* Assignment:
Every line of the data that contains the string "using" must be copied.

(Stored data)
━━━━━━
lemma symmetric_matrix_bordered:
  assumes "symmetric_matrix n B"
  shows "symmetric_matrix (Suc n) (bordered a c c B)"
  using assms unfolding symmetric_matrix_def bordered_def by (auto split: nat.split)

lemma abs_le_one_if_dot_self_le_one:
  assumes "dot d u u \<le> 1" "l < d"
  shows "\<bar>u l\<bar> \<le> 1"
proof -
  have "(u l)\<^sup>2 \<le> dot d u u"
    unfolding dot_def power2_eq_square using assms(2)
    by (intro member_le_sum[where f = "\<lambda>l. u l * u l"]) auto
  with assms(1) have "(u l)\<^sup>2 \<le> 1" by linarith
  then show ?thesis by (simp add: abs_square_le_1)
qed

lemma sum_remove_Suc_shift:
  fixes f :: "nat \<Rightarrow> 'a::comm_monoid_add"
  shows "(\<Sum>j\<in>{..<Suc n} - {Suc i}. f j) = f 0 + (\<Sum>j\<in>{..<n} - {i}. f (Suc j))"
proof -
  have "{..<Suc n} - {Suc i} = insert 0 (Suc ` ({..<n} - {i}))"
    by (auto simp: lessThan_Suc_eq_insert_0 image_iff)
  then show ?thesis by (simp add: sum.reindex)
qed

lemma sum_remove_0_shift:
  fixes f :: "nat \<Rightarrow> 'a::comm_monoid_add"
  shows "(\<Sum>j\<in>{..<Suc n} - {0}. f j) = (\<Sum>j<n. f (Suc j))"
  by (simp add: lessThan_Suc_eq_insert_0 sum.reindex)

lemma strictly_diagonally_dominant_diag_pos:
  assumes "strictly_diagonally_dominant n A" "i < n"
  shows "0 < A i i"
proof -
  have "0 \<le> (\<Sum>j\<in>{..<n} - {i}. \<bar>A i j\<bar>)" by (rule sum_nonneg) simp
  moreover have "(\<Sum>j\<in>{..<n} - {i}. \<bar>A i j\<bar>) < A i i"
    using assms unfolding strictly_diagonally_dominant_def by blast
  ultimately show ?thesis by linarith
qed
━━━━━━
* Task output:
  using assms unfolding symmetric_matrix_def bordered_def by (auto split: nat.split)
    unfolding dot_def power2_eq_square using assms(2)
    using assms unfolding strictly_diagonally_dominant_def by blast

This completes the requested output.